Алексей не знал, какие именно картины предстоит ему увидеть перед смертью согласно упрямому поверью живых, но допускал, что картины тех лет будут одними из самых ярких. Если жизнь человека уместно монтировать в этакую пленку жизни, то легко предположить и кульминацию, самый важный кадр, явивший бы собой точку приложения всех его сил в данном месте и времени, и таким напряжением всех его сил Алексей, несмотря на его серьезные достижения в последующей жизни, внутренне признавал 1989 год. Более того, часто ему казалось, что это не прошлое живет в нем, а наоборот, он живет в прошлом, что и жил-то он по-настоящему, как подобает человеку, только тогда, а вся последующая признанная, а в последнем отрезке даже и благополучная, да и вполне достойная жизнь была как бы необязательной. И чем больше он думал об этом, тем меньше такая мысль казалась ему странной.

Рассуждения Славы Деулина, с которыми тот познакомил своих одноклассников на поминках по Толику, Алексею запомнились лучше, чем прочим, и, поразмыслив, он пришел к выводу, что схожие мысли всегда смутно бродили в его сознании, просто не облеклись в столь образную и конкретную форму, как это произошло у Славы. Ничего удивительного в этом не было – ведь Слава был историком, и сам род его занятий как бы вменял ему в обязанность осмысливать проистекающие на его глазах общественные процессы в ясных и доступных категориях. Сам же Алексей понимал историю как самопознание человечества, где каждое поколение показывает, на что способен человек как в дурном, так и в хорошем, и этот коллективный опыт, призванный отделить зерна от плевел, верил Алексей, и есть один из факторов эволюции, целью которой является умножение, а отнюдь не умаление. И коль скоро человек принимает в эволюции участие, равное с другими видами живой природы, ему суждено, сохранив в себе лучшие свои черты, перестать быть человеком, а сделаться чем-то иным.
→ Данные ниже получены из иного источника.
lemma has_vector_derivative_duhamel_coeff:
  assumes "t \<in> {0..T}"
  shows "(duhamel_coeff A0 A1 u0 l has_vector_derivative
      A0 *v duhamel_coeff A0 A1 u0 l t + (if l = 0 then 0 else A1 *v duhamel_coeff A0 A1 u0 (l - 1) t))
    (at t within {0..T})"
  using assms
proof (induction l arbitrary: t)
  case 0
  show ?case
    using has_vector_derivative_exp_scaleR_apply[of "endo_of_matrix A0" u0 t "{0..T}"]
    by (simp add: duhamel_coeff.simps(1)[abs_def])
next
  case (Suc l)
  let ?B = "endo_of_matrix A0"
  define h where "h s = endo_apply (exp (s *\<^sub>R - ?B)) (A1 *v duhamel_coeff A0 A1 u0 l s)" for s
  have "continuous_on {0..T} (\<lambda>s. exp (s *\<^sub>R - ?B))"
    by (rule continuous_on_vector_derivative) (rule exp_scaleR_has_vector_derivative_right)
  moreover have "continuous_on {0..T} (duhamel_coeff A0 A1 u0 l)"
    using Suc.IH by (rule continuous_on_vector_derivative)
  ultimately have "continuous_on {0..T} h"
    unfolding h_def
    by (intro endo_apply.continuous_on bounded_linear.continuous_on[OF matrix_vector_mul_bounded_linear])
  then have "((\<lambda>t. integral {0..t} h) has_vector_derivative h t) (at t within {0..T})"
    using Suc.prems by (rule integral_has_vector_derivative)
  from endo_apply.has_vector_derivative
    [OF has_vector_derivative_at_within[OF exp_scaleR_has_vector_derivative_left] this]
  have "((\<lambda>t. endo_apply (exp (t *\<^sub>R ?B)) (integral {0..t} h)) has_vector_derivative
      endo_apply (exp (t *\<^sub>R ?B)) (h t) + endo_apply (?B * exp (t *\<^sub>R ?B)) (integral {0..t} h))
      (at t within {0..T})" .
  moreover have "endo_apply (exp (t *\<^sub>R ?B)) (h t) = A1 *v duhamel_coeff A0 A1 u0 l t"
    using exp_minus_inverse[of "t *\<^sub>R ?B"] by (simp add: h_def flip: endo_apply_mult)
  ultimately show ?case
    by (simp add: h_def[abs_def] duhamel_coeff.simps(2)[abs_def] add.commute)
qed

lemma norm_duhamel_coeff_le:
  assumes "0 \<le> t"
  shows "norm (duhamel_coeff A0 A1 u0 l t)
    \<le> mnorm A1 ^ l * norm u0 * exp (t * lognorm A0) * t ^ l / fact l"
  using assms
proof (induction l arbitrary: t)
  case 0
  show ?case
    using norm_exp_scaleR_apply_le[OF inner_endo_of_matrix_le_lognorm 0, of A0 u0]
    by (simp add: mult_ac)
next
  case (Suc l)
  show ?case
  proof (rule norm_variation_of_constants_le[where f = "\<lambda>s. A1 *v duhamel_coeff A0 A1 u0 l s"])
    fix s assume s: "s \<in> {0..t}"
    show "(duhamel_coeff A0 A1 u0 (Suc l) has_vector_derivative
        endo_apply (endo_of_matrix A0) (duhamel_coeff A0 A1 u0 (Suc l) s) + A1 *v duhamel_coeff A0 A1 u0 l s)
        (at s within {0..t})"
      using has_vector_derivative_duhamel_coeff[OF s, of A0 A1 u0 "Suc l"] by simp
    have "norm (A1 *v duhamel_coeff A0 A1 u0 l s) \<le> mnorm A1 * norm (duhamel_coeff A0 A1 u0 l s)"
      by (rule norm_matrix_vector_mult_le)
    also have "\<dots> \<le> mnorm A1 * (mnorm A1 ^ l * norm u0 * exp (s * lognorm A0) * s ^ l / fact l)"
      using s by (intro mult_left_mono Suc.IH mnorm_nonneg) auto
    finally show "norm (A1 *v duhamel_coeff A0 A1 u0 l s)
        \<le> mnorm A1 ^ Suc l * norm u0 * exp (s * lognorm A0) * s ^ l / fact l"
      by (simp add: mult_ac)
  qed (use Suc.prems inner_endo_of_matrix_le_lognorm in auto)
qed

definition taylor_remainder ::
  "complex ^ 'n ^ 'n \<Rightarrow> complex ^ 'n ^ 'n \<Rightarrow> complex ^ 'n \<Rightarrow> complex \<Rightarrow> nat \<Rightarrow> real \<Rightarrow> complex ^ 'n"
where
  "taylor_remainder A0 A1 u0 \<epsilon> k t =
    usol A0 A1 u0 t \<epsilon> - (\<Sum>l<k. \<epsilon> ^ l *s duhamel_coeff A0 A1 u0 l t)"

lemma taylor_remainder_Suc_0: "taylor_remainder A0 A1 u0 \<epsilon> (Suc k) 0 = 0"
  by (simp add: taylor_remainder_def usol_eq_endo_apply_exp sum.lessThan_Suc_shift
      del: sum.lessThan_Suc)

lemma has_vector_derivative_taylor_remainder:
  assumes "s \<in> {0..T}"
  shows "(taylor_remainder A0 A1 u0 \<epsilon> k has_vector_derivative
      endo_apply (endo_of_matrix (A0 + mscale \<epsilon> A1)) (taylor_remainder A0 A1 u0 \<epsilon> k s)
      + (if k = 0 then 0 else \<epsilon> ^ k *s (A1 *v duhamel_coeff A0 A1 u0 (k - 1) s)))
    (at s within {0..T})"
proof (induction k)
  case 0
  show ?case
    using has_vector_derivative_exp_scaleR_apply[of "endo_of_matrix (A0 + mscale \<epsilon> A1)" u0 s "{0..T}"]
    by (simp add: taylor_remainder_def[abs_def] usol_eq_endo_apply_exp)
next
  case (Suc k)
  let ?c = "duhamel_coeff A0 A1 u0" and ?R = "taylor_remainder A0 A1 u0 \<epsilon>"
  have R_Suc: "?R (Suc k) = (\<lambda>s. ?R k s - \<epsilon> ^ k *s ?c k s)"
    by (simp add: taylor_remainder_def[abs_def] algebra_simps)
  have "bounded_linear (\<lambda>v::complex ^ 'n. \<epsilon> ^ k *s v)"
    by (simp add: linear_conv_bounded_linear[symmetric] linear_iff vec_eq_iff
        scaleR_conv_of_real[where 'a=complex] algebra_simps)
  from has_vector_derivative_diff[OF Suc.IH bounded_linear.has_vector_derivative[OF this
      has_vector_derivative_duhamel_coeff[OF assms, of A0 A1 u0 k]]]
  show ?case
    unfolding R_Suc
    by (rule has_vector_derivative_eq_rhs)
      (cases k; simp add: matrix_vector_mult_add_rdistrib mscale_matrix_vector_mult vec_eq_iff
        vector_scalar_commute matrix_vector_mult_diff_distrib algebra_simps)
qed

lemma norm_taylor_remainder_le:
  assumes "0 \<le> T"
  shows "norm (taylor_remainder A0 A1 u0 \<epsilon> (Suc j) T)
    \<le> (cmod \<epsilon> * mnorm A1) ^ Suc j * norm u0 * exp (T * (lognorm A0 + cmod \<epsilon> * mnorm A1))
      * T ^ Suc j / fact (Suc j)"
proof (rule norm_variation_of_constants_le[OF inner_endo_of_matrix_le_lognorm_plus_mnorm assms,
      where f = "\<lambda>s. \<epsilon> ^ Suc j *s (A1 *v duhamel_coeff A0 A1 u0 j s)"])
  fix s :: real assume "s \<in> {0..T}"
  then show "(taylor_remainder A0 A1 u0 \<epsilon> (Suc j) has_vector_derivative
      endo_apply (endo_of_matrix (A0 + mscale \<epsilon> A1)) (taylor_remainder A0 A1 u0 \<epsilon> (Suc j) s)
      + \<epsilon> ^ Suc j *s (A1 *v duhamel_coeff A0 A1 u0 j s)) (at s within {0..T})"
    using has_vector_derivative_taylor_remainder[of s T A0 A1 u0 \<epsilon> "Suc j"] by simp
next
  fix s :: real assume "s \<in> {0..T}"
  let ?\<nu> = "lognorm A0 + cmod \<epsilon> * mnorm A1"
  have "norm (\<epsilon> ^ Suc j *s (A1 *v duhamel_coeff A0 A1 u0 j s))
      \<le> cmod \<epsilon> ^ Suc j * (mnorm A1 * norm (duhamel_coeff A0 A1 u0 j s))"
    by (simp add: norm_smult_vec norm_mult norm_power mult_left_mono norm_matrix_vector_mult_le)
  also have "\<dots> \<le> cmod \<epsilon> ^ Suc j * (mnorm A1 * (mnorm A1 ^ j * norm u0 * exp (s * ?\<nu>) * s ^ j / fact j))"
  proof -
    have "exp (s * lognorm A0) \<le> exp (s * ?\<nu>)"
      using \<open>s \<in> {0..T}\<close> mnorm_nonneg[of A1] by (simp add: algebra_simps)
    then have "mnorm A1 ^ j * norm u0 * exp (s * lognorm A0) * s ^ j / fact j
        \<le> mnorm A1 ^ j * norm u0 * exp (s * ?\<nu>) * s ^ j / fact j"
      using \<open>s \<in> {0..T}\<close> mnorm_nonneg[of A1]
      by (intro divide_right_mono mult_right_mono mult_left_mono) auto
    with norm_duhamel_coeff_le[of s A0 A1 u0 j] \<open>s \<in> {0..T}\<close> show ?thesis
      by (intro mult_left_mono mnorm_nonneg) auto
  qed
  also have "\<dots> = (cmod \<epsilon> * mnorm A1) ^ Suc j * norm u0 * exp (s * ?\<nu>) * s ^ j / fact j"
    by (simp add: power_mult_distrib mult_ac)
  finally show "norm (\<epsilon> ^ Suc j *s (A1 *v duhamel_coeff A0 A1 u0 j s))
      \<le> (cmod \<epsilon> * mnorm A1) ^ Suc j * norm u0 * exp (s * ?\<nu>) * s ^ j / fact j" .
qed (rule taylor_remainder_Suc_0)

lemma sums_duhamel_coeff:
  assumes "0 \<le> T"
  shows "(\<lambda>l. \<epsilon> ^ l *s duhamel_coeff A0 A1 u0 l T) sums usol A0 A1 u0 T \<epsilon>"
proof -
  define x where "x = cmod \<epsilon> * mnorm A1 * T"
  define C where "C = norm u0 * exp (T * (lognorm A0 + cmod \<epsilon> * mnorm A1))"
  have "(\<lambda>n. inverse (fact n) * x ^ n) \<longlonglongrightarrow> 0"
    by (rule summable_LIMSEQ_zero[OF summable_exp])
  then have "(\<lambda>n. x ^ n / fact n) \<longlonglongrightarrow> 0"
    by (simp only: divide_inverse_commute)
  then have "(\<lambda>n. x ^ Suc n / fact (Suc n)) \<longlonglongrightarrow> 0"
    by (rule LIMSEQ_Suc)
  then have bound_tendsto: "(\<lambda>n. C * (x ^ Suc n / fact (Suc n))) \<longlonglongrightarrow> 0"
    by (rule tendsto_mult_right_zero)
  have "\<forall>n. norm (taylor_remainder A0 A1 u0 \<epsilon> (Suc n) T) \<le> C * (x ^ Suc n / fact (Suc n))"
    using norm_taylor_remainder_le[OF assms, of A0 A1 u0 \<epsilon>]
    by (simp add: C_def x_def power_mult_distrib mult_ac del: power_Suc fact_Suc)
  from Lim_null_comparison[OF always_eventually[OF this] bound_tendsto]
  have "(\<lambda>n. taylor_remainder A0 A1 u0 \<epsilon> (Suc n) T) \<longlonglongrightarrow> 0" .
  then have "(\<lambda>n. usol A0 A1 u0 T \<epsilon> - taylor_remainder A0 A1 u0 \<epsilon> n T) \<longlonglongrightarrow> usol A0 A1 u0 T \<epsilon> - 0"
    by (intro tendsto_diff tendsto_const) (rule LIMSEQ_imp_Suc)
  then show ?thesis
    by (simp add: sums_def taylor_remainder_def)
qed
Алексей родился в августе, но, кроме дня рождения матери и дня смерти бабушки Евдокии Ивановны, был в году еще один день, который для него уже восемнадцать лет означал что-то похожее и до которого сейчас оставалось совсем немного времени.

* * *

В ночь на 18 октября 1989 года подразделения 217-го парашютно-десантного полка, выполнив задачи по поддержанию мира в Азербайджане, вылетали из Баку в Болград, к месту постоянной дисклокации дивизии. Первым с аэродрома «Насосный» ушел метеоразведчик, благополучно взлетела первая десятка. Головным «Ил-76» второй десятки, на борту которого находились два взвода 8-й роты, управлял лично командир Арцизского полка транспортной авиации. Правый двигатель задымился, когда самолет не успел набрать высоту. Экипаж решил садиться, поймал глиссаду, но не попал в полосу. Летчикам пришлось вторично зайти на большой круг, однако счет уже шел на секунды. За три километра до посадочной полосы часть крыла с пылавшим двигателем отвалилась, а сам «Ил» упал в море в виде огромного, объятого пламенем креста. Теоретически члены экипажа, имевшие парашюты, могли покинуть борт, но у десантников парашютов не было, и летчики до конца пытались спасти самолет.
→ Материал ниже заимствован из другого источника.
lemma group_mono_grp: "group (mono_grp n)"
proof (rule groupI, unfold mono_grp_simps)
  fix g h k assume g: "g \<in> monomial_group n" and h: "h \<in> monomial_group n" and k: "k \<in> monomial_group n"
  show "mmul n (mmul n g h) k = mmul n g (mmul n h k)"
    by (rule monomial_group_eqI[where n = n])
      (simp_all add: g h k mmul_closed mono_perm_mmul mono_entry_mmul mono_perm_lt)
next
  fix g assume g: "g \<in> monomial_group n"
  show "mmul n (mono_one n) g = g"
    by (rule monomial_group_eqI[where n = n])
      (simp_all add: g mmul_closed mono_one_closed mono_perm_mmul mono_entry_mmul mono_perm_one
        mono_entry_one mono_perm_lt)
  show "\<exists>h\<in>monomial_group n. mmul n h g = mono_one n"
    using mono_inv_closed[OF g] mono_inv_mmul[OF g] by blast
qed (simp_all add: mmul_closed mono_one_closed)

section \<open>Monomial isomorphisms of representations\<close>

text \<open>The isomorphism sending the basis vector \<open>x\<close> to \<open>s x\<close> times the basis vector \<open>\<phi> x\<close>.\<close>

definition monomial_iso :: "'g set \<Rightarrow> ('g,'x) rep \<Rightarrow> ('g,'y) rep \<Rightarrow> bool" where
  "monomial_iso G R S = (finite (fst R) \<and> finite (fst S) \<and>
     (\<exists>\<phi> s. bij_betw \<phi> (fst R) (fst S) \<and> (\<forall>x\<in>fst R. s x \<noteq> 0) \<and>
       (\<forall>g\<in>G. \<forall>x\<in>fst R. \<forall>x'\<in>fst R. snd S g (\<phi> x') (\<phi> x) * s x = s x' * snd R g x' x)))"

lemma monomial_iso_imp_rep_iso:
  assumes "monomial_iso G (X, K) (Y, L)"
  shows "rep_iso G (X, K) (Y, L)"
proof -
  from assms obtain \<phi> s where fin: "finite X" "finite Y" and bij: "bij_betw \<phi> X Y"
    and nz: "\<forall>x\<in>X. s x \<noteq> 0"
    and intw: "\<forall>g\<in>G. \<forall>x\<in>X. \<forall>x'\<in>X. L g (\<phi> x') (\<phi> x) * s x = s x' * K g x' x"
    unfolding monomial_iso_def by auto
  define \<psi> where "\<psi> = the_inv_into X \<phi>"
  have \<psi>: "\<psi> y \<in> X" "\<phi> (\<psi> y) = y" if "y \<in> Y" for y
    using that bij_betwE[OF bij_betw_the_inv_into[OF bij]] f_the_inv_into_f_bij_betw[OF bij]
    unfolding \<psi>_def by auto
  have \<phi>_eq_iff: "\<phi> x = y \<longleftrightarrow> x = \<psi> y" if "x \<in> X" "y \<in> Y" for x y
    using that \<psi> bij by (metis bij_betw_def inj_onD)
  define P where "P y x = (if y = \<phi> x then s x else 0)" for y x
  have P_eq: "P y x = (if x = \<psi> y then s x else 0)" if "x \<in> X" "y \<in> Y" for x y
    using \<phi>_eq_iff[OF that] by (auto simp: P_def)
  define Q where "Q x y = (if y = \<phi> x then 1 / s x else 0)" for x y
  have left_inv: "(\<Sum>y\<in>Y. Q x y * P y x') = (if x = x' then 1 else 0)"
    if "x \<in> X" "x' \<in> X" for x x'
  proof -
    have "(\<Sum>y\<in>Y. Q x y * P y x') = (\<Sum>y\<in>Y. if y = \<phi> x then Q x (\<phi> x) * P (\<phi> x) x' else 0)"
      by (rule sum.cong) (auto simp: Q_def)
    also have "\<dots> = Q x (\<phi> x) * P (\<phi> x) x'"
      using fin bij_betwE[OF bij] that by simp
    also have "\<dots> = (if x = x' then 1 else 0)"
      using that bij nz by (auto simp: P_def Q_def bij_betw_def inj_on_eq_iff)
    finally show ?thesis .
  qed
  have right_inv: "(\<Sum>x\<in>X. P y x * Q x y') = (if y = y' then 1 else 0)"
    if "y \<in> Y" "y' \<in> Y" for y y'
  proof -
    have "(\<Sum>x\<in>X. P y x * Q x y') = (\<Sum>x\<in>X. if x = \<psi> y then P y (\<psi> y) * Q (\<psi> y) y' else 0)"
      using that by (intro sum.cong) (auto simp: P_eq)
    also have "\<dots> = P y (\<psi> y) * Q (\<psi> y) y'"
      using fin \<psi> that by simp
    also have "\<dots> = (if y = y' then 1 else 0)"
      using that \<psi> nz by (auto simp: P_def Q_def)
    finally show ?thesis .
  qed
  have intertwines: "(\<Sum>y'\<in>Y. L g y y' * P y' x) = (\<Sum>x'\<in>X. P y x' * K g x' x)"
    if "g \<in> G" "y \<in> Y" "x \<in> X" for g y x
  proof -
    have "(\<Sum>y'\<in>Y. L g y y' * P y' x) = (\<Sum>y'\<in>Y. if y' = \<phi> x then L g y (\<phi> x) * s x else 0)"
      by (rule sum.cong) (auto simp: P_def)
    also have "\<dots> = L g y (\<phi> x) * s x"
      using fin bij_betwE[OF bij] that by simp
    also have "\<dots> = s (\<psi> y) * K g (\<psi> y) x"
      using intw that \<psi> by metis
    also have "\<dots> = (\<Sum>x'\<in>X. if x' = \<psi> y then s (\<psi> y) * K g (\<psi> y) x else 0)"
      using fin \<psi> that by simp
    also have "\<dots> = (\<Sum>x'\<in>X. P y x' * K g x' x)"
      using that by (intro sum.cong) (auto simp: P_eq)
    finally show ?thesis .
  qed
  show ?thesis
    unfolding rep_iso_def prod.case using fin left_inv right_inv intertwines
    by (intro conjI exI[where x = P] exI[where x = Q] ballI) auto
qed

lemma bij_betw_fibrewise:
  assumes "\<And>x. x \<in> X \<Longrightarrow> \<beta> x \<in> A"
    and "\<And>a. a \<in> A \<Longrightarrow> bij_betw (\<Phi> a) {x\<in>X. \<beta> x = a} (Y a)"
  shows "bij_betw (\<lambda>x. (\<beta> x, \<Phi> (\<beta> x) x)) X (Sigma A Y)"
proof (rule bij_betw_imageI)
  show "inj_on (\<lambda>x. (\<beta> x, \<Phi> (\<beta> x) x)) X"
  proof
    fix x x' assume "x \<in> X" "x' \<in> X" "(\<beta> x, \<Phi> (\<beta> x) x) = (\<beta> x', \<Phi> (\<beta> x') x')"
    then have "\<beta> x = \<beta> x'" "\<Phi> (\<beta> x) x = \<Phi> (\<beta> x) x'" by auto
    moreover have "inj_on (\<Phi> (\<beta> x)) {y\<in>X. \<beta> y = \<beta> x}"
      using assms \<open>x \<in> X\<close> bij_betw_imp_inj_on by blast
    ultimately show "x = x'"
      using \<open>x \<in> X\<close> \<open>x' \<in> X\<close> by (auto dest: inj_onD)
  qed
  show "(\<lambda>x. (\<beta> x, \<Phi> (\<beta> x) x)) ` X = Sigma A Y"
  proof
    show "(\<lambda>x. (\<beta> x, \<Phi> (\<beta> x) x)) ` X \<subseteq> Sigma A Y"
      using assms by (auto dest: bij_betwE)
    show "Sigma A Y \<subseteq> (\<lambda>x. (\<beta> x, \<Phi> (\<beta> x) x)) ` X"
    proof clarify
      fix a y assume "a \<in> A" "y \<in> Y a"
      then have "y \<in> \<Phi> a ` {x\<in>X. \<beta> x = a}"
        using assms(2) unfolding bij_betw_def by blast
      then obtain x where "x \<in> X" "\<beta> x = a" "\<Phi> a x = y" by blast
      then show "(a, y) \<in> (\<lambda>x. (\<beta> x, \<Phi> (\<beta> x) x)) ` X" by force
    qed
  qed
qed

lemma monomial_iso_dsum:
  assumes "finite A" "finite X" and \<beta>: "\<And>x. x \<in> X \<Longrightarrow> \<beta> x \<in> A"
    and pieces: "\<And>a. a \<in> A \<Longrightarrow> monomial_iso G ({x\<in>X. \<beta> x = a}, K) (R a)"
    and block_diagonal: "\<And>g x x'. \<lbrakk>g \<in> G; x \<in> X; x' \<in> X; \<beta> x' \<noteq> \<beta> x\<rbrakk> \<Longrightarrow> K g x' x = 0"
  shows "monomial_iso G (X, K) (dsum A R)"
proof -
  define piece_iso where "piece_iso a \<phi> s \<longleftrightarrow>
      bij_betw \<phi> {x\<in>X. \<beta> x = a} (fst (R a)) \<and> (\<forall>x\<in>{x\<in>X. \<beta> x = a}. s x \<noteq> 0) \<and>
      (\<forall>g\<in>G. \<forall>x\<in>{x\<in>X. \<beta> x = a}. \<forall>x'\<in>{x\<in>X. \<beta> x = a}.
          snd (R a) g (\<phi> x') (\<phi> x) * s x = s x' * K g x' x)" for a \<phi> s
  have "\<forall>a\<in>A. \<exists>\<phi> s. piece_iso a \<phi> s"
    using pieces unfolding monomial_iso_def piece_iso_def by auto
  then have "\<exists>\<Phi>. \<forall>a\<in>A. \<exists>s. piece_iso a (\<Phi> a) s"
    by (rule bchoice)
  then obtain \<Phi> where "\<forall>a\<in>A. \<exists>s. piece_iso a (\<Phi> a) s" ..
  then have "\<exists>S. \<forall>a\<in>A. piece_iso a (\<Phi> a) (S a)"
    by (rule bchoice)
  then obtain S where "\<forall>a\<in>A. piece_iso a (\<Phi> a) (S a)" ..
  then have bij: "\<And>a. a \<in> A \<Longrightarrow> bij_betw (\<Phi> a) {x\<in>X. \<beta> x = a} (fst (R a))"
    and nz: "\<And>x. x \<in> X \<Longrightarrow> S (\<beta> x) x \<noteq> 0"
    and intw: "\<And>g x x'. \<lbrakk>g \<in> G; x \<in> X; x' \<in> X; \<beta> x = \<beta> x'\<rbrakk> \<Longrightarrow>
      snd (R (\<beta> x)) g (\<Phi> (\<beta> x) x') (\<Phi> (\<beta> x) x) * S (\<beta> x) x = S (\<beta> x) x' * K g x' x"
    using \<beta> unfolding piece_iso_def by auto
  have "finite (fst (R a))" if "a \<in> A" for a
    using pieces[OF that] unfolding monomial_iso_def by simp
  then have "finite (fst (dsum A R))"
    using \<open>finite A\<close> by (simp add: dsum_def)
  moreover have "bij_betw (\<lambda>x. (\<beta> x, \<Phi> (\<beta> x) x)) X (fst (dsum A R))"
    unfolding dsum_def fst_conv using \<beta> bij by (rule bij_betw_fibrewise)
  moreover have "snd (dsum A R) g (\<beta> x', \<Phi> (\<beta> x') x') (\<beta> x, \<Phi> (\<beta> x) x) * S (\<beta> x) x
      = S (\<beta> x') x' * K g x' x" if "g \<in> G" "x \<in> X" "x' \<in> X" for g x x'
    using that intw block_diagonal by (cases "\<beta> x = \<beta> x'") (auto simp: dsum_def)
  ultimately show ?thesis
    unfolding monomial_iso_def using \<open>finite X\<close> \<beta> nz
    by (intro conjI exI[where x = "\<lambda>x. (\<beta> x, \<Phi> (\<beta> x) x)"] exI[where x = "\<lambda>x. S (\<beta> x) x"]) auto
qed

section \<open>Transitive monomial actions are induced\<close>

text \<open>A basis \<open>X\<close> permuted by \<open>G\<close> up to the nonzero scalars \<open>coef\<close>: \<open>g \<cdot> x = coef g x \<cdot> act g x\<close>.\<close>

locale monomial_action = group G for G :: "('g, 'b) monoid_scheme" (structure) +
  fixes X :: "'x set" and act :: "'g \<Rightarrow> 'x \<Rightarrow> 'x" and coef :: "'g \<Rightarrow> 'x \<Rightarrow> complex"
  assumes act_closed: "\<lbrakk>g \<in> carrier G; x \<in> X\<rbrakk> \<Longrightarrow> act g x \<in> X"
    and act_mult: "\<lbrakk>g \<in> carrier G; h \<in> carrier G; x \<in> X\<rbrakk> \<Longrightarrow> act (g \<otimes> h) x = act g (act h x)"
    and act_one: "x \<in> X \<Longrightarrow> act \<one> x = x"
    and coef_mult:
      "\<lbrakk>g \<in> carrier G; h \<in> carrier G; x \<in> X\<rbrakk> \<Longrightarrow> coef (g \<otimes> h) x = coef g (act h x) * coef h x"
    and coef_nonzero: "\<lbrakk>g \<in> carrier G; x \<in> X\<rbrakk> \<Longrightarrow> coef g x \<noteq> 0"
begin

lemma act_inv_act: "\<lbrakk>g \<in> carrier G; x \<in> X\<rbrakk> \<Longrightarrow> act (inv g) (act g x) = x"
  using act_mult[of "inv g" g x] act_one by simp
Это была последняя командировка их 8-й роты, куда Алексей уже не попал. Двадцать первого октября выходил его срок службы, и на ноябрьские праздники он должен был уже ехать домой. После Еревана он вместе с некоторыми другими сержантами полка готовил в дивизионном карантине пополнение, с конца сентября прибывавшее по осеннему призыву.

В «полчок», как в просторечии называли полк, страшные вести пришли спустя несколько часов. Алексей вернулся туда к похоронам. Солдаты и сержанты третьего взвода 8-й роты, которые по счастливой случайности летели другим бортом, с испуганными лицами бродили по пустому осеннему полку, поглядывая на приспущенные флаги с траурными лентами. Погода стояла теплая, тишайшая, и на зимнюю форму одежды еще не переходили. Над забором в болградских садах желтела на голых ветках бугристая айва. Было дико видеть пустое расположение, где на кроватях уже лежали парадные мундиры погибших, на табуретах – их личные вещи, и большинство этих предметов Алексею были знакомы.

На третий день со всего Союза стали приезжать родственники. Командир полка полковник Калабухов встречал их у КПП с суровым окаменевшим лицом. Матери рыдали в строевой части, не на людях. Тогда еще стеснялись своих слез. Алексей боялся даже проходить мимо этой саманной одноэтажной конторы с выбеленными синькой стенами. Некоторые, словно не веря в случившееся, навезли с собой разной снеди. И он, Алексей, давясь, ел пирожки с вишней, и по зловещей какой-то иронии это было то немногое, что мог он сделать для своих сослуживцев.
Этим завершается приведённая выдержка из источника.